Conduct a search
Full-text, vector, sparse vector, tensor, hybrid search.
Overview
This document offers guidance on conducting a search within Infinity.
Full-text search
Work modes for full-text index
A full-text index must be built to perform a full-text search, and this index operates in two modes:
- Real-time mode - If created immediately after a table is created, a full-text index will be built on ingested data in real time, accumulating posting data within memory and flushing it to disk when a specified quota is reached.
- Offline mode - For data inserted before the creation of a full-text index, index will be built in offline mode using external sorting.
Tokenizer
When creating a full-text index, you are required to specify a tokenizer/analyzer, which will be used for future full-text searches on the same column(s). Infinity has many built-in tokenizers. Except for the Ngram analyzer and the default standard analyzer, all other analyzers require dedicated resource files. Please download the appropriate files for your chosen analyzer from this link and save it to the directory specified by resource_dir in the configuration file.
[resource]
# Directory for Infinity's resource files, including dictionaries to be used by analyzers
resource_dir = "/var/infinity/resource"
The following are Infinity's built-in analyzers/tokenizers.
Standard analyzer
The standard analyzer is the default tokenizer and works best with Latin characters. It uses stemmer before outputting tokens segmented by white space, and English is the default stemmer. To specify a stemmer for a different language, use "standard-xxx", where xxx is the language to use.
Supported language stemmers include: Danish, Dutch, English, Finnish, French, German, Hungarian, Italian, Norwegian, Porter, Portuguese, Romanian, Russian, Spanish, Swedish, and Turkish.
Ngram analyzer
A definition of N-gram can be found on wikipedia. Use "ngram-x" to select the Ngram analyzer, where x represents the value of N. For example, a common choice for full-text searches in code is "ngram-3".
Simplified Chinese analyzer
Use "chinese" to select the simplified Chinese analyzer, which is a wrapper of Jieba analyzer. Use "chinese-fine" to output fine-grained analyzer results.
Traditional Chinese analyzer
Use "traditional" to select the traditional Chinese analyzer, which essentially converts simplified Chinese into traditional Chinese based on the outputs of the Jieba analyzer.
Japanese analyzer
Use "japanese" to select the Japanese analyzer, which is a wrapper of mecab.
Korean analyzer
Use "korean" to select the Korean tokenizer, which is a wrapper of mecab but uses a different Korean dictionary.
RAG analyzer
The RAG analyzer is a bilingual tokenizer that supports Chinese (simplified and traditional) and English.
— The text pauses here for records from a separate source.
(* Let $f_1,\dots,f_T\in\mathcal F_X(\alpha,l,G)$ be arbitrary, and run RHGD and RHAG (defined in the context) with prediction window $W\ge 0$ and stepsizes $\gamma=1/l$, $\eta=1/L$, where $L=l+4\beta$. Then $$\mathrm{Reg}(\mathrm{RHGD},\mathcal L_T)\le Q_f\,\delta\Big(1-\frac{1}{Q_f}\Big)^{W}L_T,\qquad \mathrm{Reg}(\mathrm{RHAG},\mathcal L_T)\le 2\delta\Big(1-\frac{1}{\sqrt{Q_f}}\Big)^{W}L_T,$$ where $\mathcal L_T=\mathcal L_T(L_T,\mathcal F_X(\alpha,l,G))$, $\delta=(\beta/l+1)\frac{G}{1-\kappa}$, $\kappa=\sqrt{1-\alpha/l}$ and $Q_f=\frac{l+4\beta}{\alpha}$.
   Context: Setting: $X\subseteq\mathbb R^n$ is nonempty, compact and convex with diameter $D$, i.e. $\|x-y\|\le D$ for all $x,y\in X$. The parameter $\beta\ge 0$, the initial point $x_0\in X$, and the horizon $T\ge 1$ are fixed, and $\Pi_X$ denotes Euclidean projection onto $X$. Function class: for $0<\alpha\le l$ and $G>0$, $\mathcal F_X(\alpha,l,G)$ is the set of differentiable $f:\mathbb R^n\to\mathbb R$ such that for all $x,y\in\mathbb R^n$ $$f(x)+\langle\nabla f(x),y-x\rangle+\tfrac{\alpha}{2}\|y-x\|^2\le f(y)\le f(x)+\langle\nabla f(x),y-x\rangle+\tfrac{l}{2}\|y-x\|^2,$$ and $\|\nabla f(x)\|\le G$ for all $x\in X$. Total cost: $C_1^T(x)=\sum_{t=1}^T\big(f_t(x_t)+\frac\beta2\|x_t-x_{t-1}\|^2\big)$ for $x=(x_1,\dots,x_T)$, with $x_0$ the given initial point. Path length: let $\theta_t=\arg\min_{x\in X}f_t(x)$ and $\theta_0=x_0$. For $0\le L_T\le DT$, $\mathcal L_T(L_T,\mathcal F_X(\alpha,l,G))$ is the set of sequences $\{f_t\}_{t=1}^T\subseteq\mathcal F_X(\alpha,l,G)$ with $\sum_{t=1}^T\|\theta_t-\theta_{t-1}\|\le L_T$. Dynamic regret: for an algorithm producing outputs $x^{\mathcal A}=(x^{\mathcal A}_1,\dots,x^{\mathcal A}_T)$ (with $x_0^{\mathcal A}=x_0$), $$\mathrm{Reg}(\mathcal A,\mathcal L_T)=\sup_{\{f_t\}\in\mathcal L_T}\Big(C_1^T(x^{\mathcal A})-\min_{x\in X^T}C_1^T(x)\Big).$$ Partial gradients: for $t<T$, $g_t(a,b,c)=\nabla f_t(b)+\beta(2b-a-c)$; for $t=T$, $g_T(a,b,c)=\nabla f_T(b)+\beta(b-a)$, which does not depend on $c$. RHGD (Receding Horizon Gradient Descent). For each $t\in[T]$ it produces iterates $x_t^s$ for $s=t-W,\dots,t$. - Initialization (online gradient descent): $x_1^{1-W}=x_0$, and for $2\le t\le T$, $$x_t^{t-W}=\Pi_X\big(x_{t-1}^{t-1-W}-\gamma\nabla f_{t-1}(x_{t-1}^{t-1-W})\big).$$ - Updates: for $s=t-W+1,\dots,t$, $$x_t^s=\Pi_X\big(x_t^{s-1}-\eta\, g_t(x_{t-1}^{s-2},x_t^{s-1},x_{t+1}^{s})\big),$$ with the convention $x_0^{s}=x_0$ for all $s$. At each stage $s$, the indices $t$ are processed in decreasing order. - Output at stage $t$: $x_t^t$. RHAG (Receding Horizon Accelerated Gradient). Set $\lambda=\frac{1-\sqrt{\alpha\eta}}{1+\sqrt{\alpha\eta}}$. - Initialization: $x_t^{t-W}$ is defined as in RHGD, and $y_t^{t-W}=x_t^{t-W}$. - Updates: for $s=t-W+1,\dots,t$, $$x_t^s=\Pi_X\big(y_t^{s-1}-\eta\, g_t(y_{t-1}^{s-2},y_t^{s-1},y_{t+1}^s)\big),\qquad y_t^s=(1+\lambda)x_t^s-\lambda x_t^{s-1},$$ with the convention $y_0^s=x_0$. - Output at stage $t$: $x_t^t$. *)

theory Defs
  imports "HOL-Analysis.Analysis"
begin
(* Let $N, J \ge 1$ be integers and let $F_1,\dots,F_J:\mathbb{R}_+^N\to\mathbb{R}_+$ be upper semicontinuous functions that are homogeneous of degree 1 (i.e. $F_j(\lambda x)=\lambda F_j(x)$ for all $\lambda\ge 0$, $x\in\mathbb{R}_+^N$). Define $F:\mathbb{R}_+^N\to\mathbb{R}_+$ by $$F(x)=\max\Big\{\sum_{j=1}^J F_j(x_j): x_j\in\mathbb{R}_+^N \text{ for all } j,\ \sum_{j=1}^J x_j=x\Big\}.$$ Let $w\in\mathbb{R}^N$ and suppose $x^*\in\arg\max_{x\ge 0}\,(F(x)-w\cdot x)$. Let $x_1^*,\dots,x_J^*\in\mathbb{R}_+^N$ be any vectors with $x^*=\sum_{j=1}^J x_j^*$ and $x_j^*\in\arg\max_{x\ge 0}\,(F_j(x)-w\cdot x)$ for every $j$. Let $C$ be the smallest convex cone containing $\{x_1^*,\dots,x_J^*\}$. Then $F(x)=w\cdot x$ for all $x\in C$.
   Context: A production function is an upper semicontinuous function $\mathbb{R}_+^N\to\mathbb{R}_+$. The function $F$ defined in the claim (the maximum is attained) is called the aggregate production function of $F_1,\dots,F_J$. A set $C$ is a cone if $y\in C$, $\alpha\ge0$ imply $\alpha y\in C$; the smallest convex cone containing a finite set $\{y_j\}$ is $\{\sum_j\alpha_j y_j:\alpha_j\ge 0\}$. $x\ge 0$ means $x\in\mathbb{R}_+^N$. *)

theory Defs
  imports "HOL-Analysis.Analysis"
begin

text \<open>The nonnegative orthant R_+^N, with N given by the finite index type 'n.\<close>
definition nonneg_orthant :: "(real ^ 'n) set" where
  "nonneg_orthant = {x. \<forall>i. 0 \<le> x $ i}"

definition usc_on :: "('a::topological_space) set \<Rightarrow> ('a \<Rightarrow> real) \<Rightarrow> bool" where
  "usc_on S f \<longleftrightarrow> (\<forall>a. openin (top_of_set S) {x \<in> S. f x < a})"

definition production_function :: "(real ^ 'n \<Rightarrow> real) \<Rightarrow> bool" where
  "production_function f \<longleftrightarrow> usc_on nonneg_orthant f \<and> (\<forall>x\<in>nonneg_orthant. 0 \<le> f x)"

text \<open>Aggregate production function of Fs 1, ..., Fs J (the supremum is attained, so it is
  the maximum of the paper).\<close>
definition aggregate :: "nat \<Rightarrow> (nat \<Rightarrow> real ^ 'n \<Rightarrow> real) \<Rightarrow> real ^ 'n \<Rightarrow> real" where
  "aggregate J Fs x = Sup {(\<Sum>j\<in>{1..J}. Fs j (xs j)) | xs.
       (\<forall>j\<in>{1..J}. xs j \<in> nonneg_orthant) \<and> (\<Sum>j\<in>{1..J}. xs j) = x}"

definition is_argmax_nonneg :: "(real ^ 'n \<Rightarrow> real) \<Rightarrow> real ^ 'n \<Rightarrow> bool" where
  "is_argmax_nonneg g x \<longleftrightarrow> x \<in> nonneg_orthant \<and> (\<forall>y\<in>nonneg_orthant. g y \<le> g x)"

end

theory Submission
  imports Defs
begin

text \<open>For a technology homogeneous of degree 1, maximal profit is either 0 or unbounded
  (scale the input up). So a firm that attains its maximal profit at some input makes zero
  profit there, and its output never exceeds the input cost \<open>w \<bullet> y\<close>. Summing over firms bounds
  the aggregate production function by \<open>w \<bullet> x\<close>, and any nonnegative combination of the firms'
  optimal inputs is a decomposition attaining this bound.\<close>

lemma zero_mem_nonneg_orthant: "0 \<in> nonneg_orthant"
  by (simp add: nonneg_orthant_def)

lemma scaleR_mem_nonneg_orthant:
  "0 \<le> c \<Longrightarrow> x \<in> nonneg_orthant \<Longrightarrow> c *\<^sub>R x \<in> nonneg_orthant"
  by (simp add: nonneg_orthant_def)

lemma homogeneous_argmax_profit:
  assumes hom: "\<And>lam x. lam \<ge> 0 \<Longrightarrow> x \<in> nonneg_orthant \<Longrightarrow> f (lam *\<^sub>R x) = lam * f x"
    and opt: "is_argmax_nonneg (\<lambda>x. f x - w \<bullet> x) x0"
  shows "\<And>y. y \<in> nonneg_orthant \<Longrightarrow> f y \<le> w \<bullet> y" and "f x0 = w \<bullet> x0"
proof -
  have x0: "x0 \<in> nonneg_orthant"
    and max: "\<And>y. y \<in> nonneg_orthant \<Longrightarrow> f y - w \<bullet> y \<le> f x0 - w \<bullet> x0"
    using opt by (auto simp: is_argmax_nonneg_def)
  have "2 * (f x0 - w \<bullet> x0) \<le> f x0 - w \<bullet> x0"
    using max[OF scaleR_mem_nonneg_orthant[OF _ x0, of 2]] hom[OF _ x0, of 2]
    by (simp add: algebra_simps)
  then have profit_nonpos: "f x0 - w \<bullet> x0 \<le> 0"
    by simp
  then show "\<And>y. y \<in> nonneg_orthant \<Longrightarrow> f y \<le> w \<bullet> y"
    using max by fastforce
  have "f 0 = 0"
    using hom[OF _ x0, of 0] by simp
  then show "f x0 = w \<bullet> x0"
    using max[OF zero_mem_nonneg_orthant] profit_nonpos by simp
qed

lemma aggregate_eq_inner:
  assumes le: "\<And>j y. j \<in> {1..J} \<Longrightarrow> y \<in> nonneg_orthant \<Longrightarrow> Fs j y \<le> w \<bullet> y"
    and ys: "\<And>j. j \<in> {1..J} \<Longrightarrow> ys j \<in> nonneg_orthant"
    and sum_ys: "(\<Sum>j\<in>{1..J}. ys j) = x"
    and eq: "\<And>j. j \<in> {1..J} \<Longrightarrow> Fs j (ys j) = w \<bullet> ys j"
  shows "aggregate J Fs x = w \<bullet> x"
proof -
  let ?S = "{(\<Sum>j\<in>{1..J}. Fs j (zs j)) | zs.
     (\<forall>j\<in>{1..J}. zs j \<in> nonneg_orthant) \<and> (\<Sum>j\<in>{1..J}. zs j) = x}"
  have "w \<bullet> x = (\<Sum>j\<in>{1..J}. Fs j (ys j))"
    unfolding sum_ys[symmetric] inner_sum_right using eq by simp
  then have attained: "w \<bullet> x \<in> ?S"
    using ys sum_ys by blast
  have bound: "s \<le> w \<bullet> x" if "s \<in> ?S" for s
  proof -
    obtain zs where zs: "\<forall>j\<in>{1..J}. zs j \<in> nonneg_orthant" "(\<Sum>j\<in>{1..J}. zs j) = x"
      and s: "s = (\<Sum>j\<in>{1..J}. Fs j (zs j))"
      using \<open>s \<in> ?S\<close> by blast
    have "s \<le> (\<Sum>j\<in>{1..J}. w \<bullet> zs j)"
      unfolding s by (rule sum_mono) (use zs le in auto)
    also have "\<dots> = w \<bullet> x"
      unfolding zs(2)[symmetric] inner_sum_right ..
    finally show ?thesis .
  qed
  show ?thesis
    unfolding aggregate_def by (rule cSup_eq_maximum) (use attained bound in auto)
qed

theorem theorem1:
  fixes J :: nat
    and Fs :: "nat \<Rightarrow> real ^ 'n \<Rightarrow> real"
    and w xstar :: "real ^ 'n"
    and xs :: "nat \<Rightarrow> real ^ 'n"
  assumes "J \<ge> 1"
    and prod: "\<And>j. j \<in> {1..J} \<Longrightarrow> production_function (Fs j)"
    and hom: "\<And>j lam x. j \<in> {1..J} \<Longrightarrow> lam \<ge> 0 \<Longrightarrow> x \<in> nonneg_orthant \<Longrightarrow>
                 Fs j (lam *\<^sub>R x) = lam * Fs j x"
    and opt: "is_argmax_nonneg (\<lambda>x. aggregate J Fs x - w \<bullet> x) xstar"
    and decomp: "xstar = (\<Sum>j\<in>{1..J}. xs j)"
    and optj: "\<And>j. j \<in> {1..J} \<Longrightarrow> is_argmax_nonneg (\<lambda>x. Fs j x - w \<bullet> x) (xs j)"
  shows "\<forall>x \<in> {(\<Sum>j\<in>{1..J}. alpha j *\<^sub>R xs j) | alpha. \<forall>j\<in>{1..J}. alpha j \<ge> 0}.
           aggregate J Fs x = w \<bullet> x"
proof clarify
  fix alpha :: "nat \<Rightarrow> real"
  assume alpha: "\<forall>j\<in>{1..J}. alpha j \<ge> 0"
  note profit = homogeneous_argmax_profit[OF hom optj]
  have xs: "xs j \<in> nonneg_orthant" if "j \<in> {1..J}" for j
    using optj[OF that] by (simp add: is_argmax_nonneg_def)
  show "aggregate J Fs (\<Sum>j\<in>{1..J}. alpha j *\<^sub>R xs j) = w \<bullet> (\<Sum>j\<in>{1..J}. alpha j *\<^sub>R xs j)"
  proof (rule aggregate_eq_inner)
    show "Fs j y \<le> w \<bullet> y" if "j \<in> {1..J}" "y \<in> nonneg_orthant" for j y
      using profit(1) that by blast
    show "alpha j *\<^sub>R xs j \<in> nonneg_orthant" if "j \<in> {1..J}" for j
      using alpha xs that by (simp add: scaleR_mem_nonneg_orthant)
    show "Fs j (alpha j *\<^sub>R xs j) = w \<bullet> (alpha j *\<^sub>R xs j)" if "j \<in> {1..J}" for j
      using alpha xs hom profit(2) that by simp
  qed simp
qed

end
It is a C++ adaptation of RAGFlow's tokenizer, and its tokenization of Latin characters derives from NLTK.
This analyzer offers better recall for Chinese than the Jieba analyzer, but lower tokenization throughput due to higher computational costs. Its English language processing involves an additional lemmatization step before stemming, different from that of the standard analyzer.
Use "rag" to select the RAG analyzer or "rag-fine" for fine-grained mode, which outputs tokenization results with the second highest score.
Both RAG tokenization and fine-grained RAG tokenization are used in RAGFlow to ensure high recall.
IK analyzer
The IK analyzer is a bilingual tokenizer that supports Chinese (simplified and traditional) and English. It is a C++ adaptation of the IK Analyzer, which is widely used as a tokenizer by Chinese Elasticsearch users.
Use "ik" to select this analyzer, which is equivalent to the ik_smart option in the IK Analyzer, or "ik-fine" for fine-grained mode, which is equivalent to the ik_max_word option in the IK Analyzer.
Keyword analyzer
The keyword analyzer is a "noop" analyzer used for columns containing keywords only, where traditional scoring methods like BM25 do not apply. It scores 0 or 1, depending on whether any keywords are matched.
Use "keyword" to select this analyzer.
Search and ranking syntax
Infinity supports the following syntax or full-text search expressions:
- Single term
- AND multiple terms
- OR multiple terms
- Phrase search
- CARAT opertor
- Sloppy phrase search
- Field-specific search
- Escape character
Single term
Example: "blooms"
AND multiple terms
"space AND efficient"
OR multiple terms
"Bloom OR filter""Bloom filter"
OR is the default semantic in a multi-term full-text search unless explicitly specified otherwise.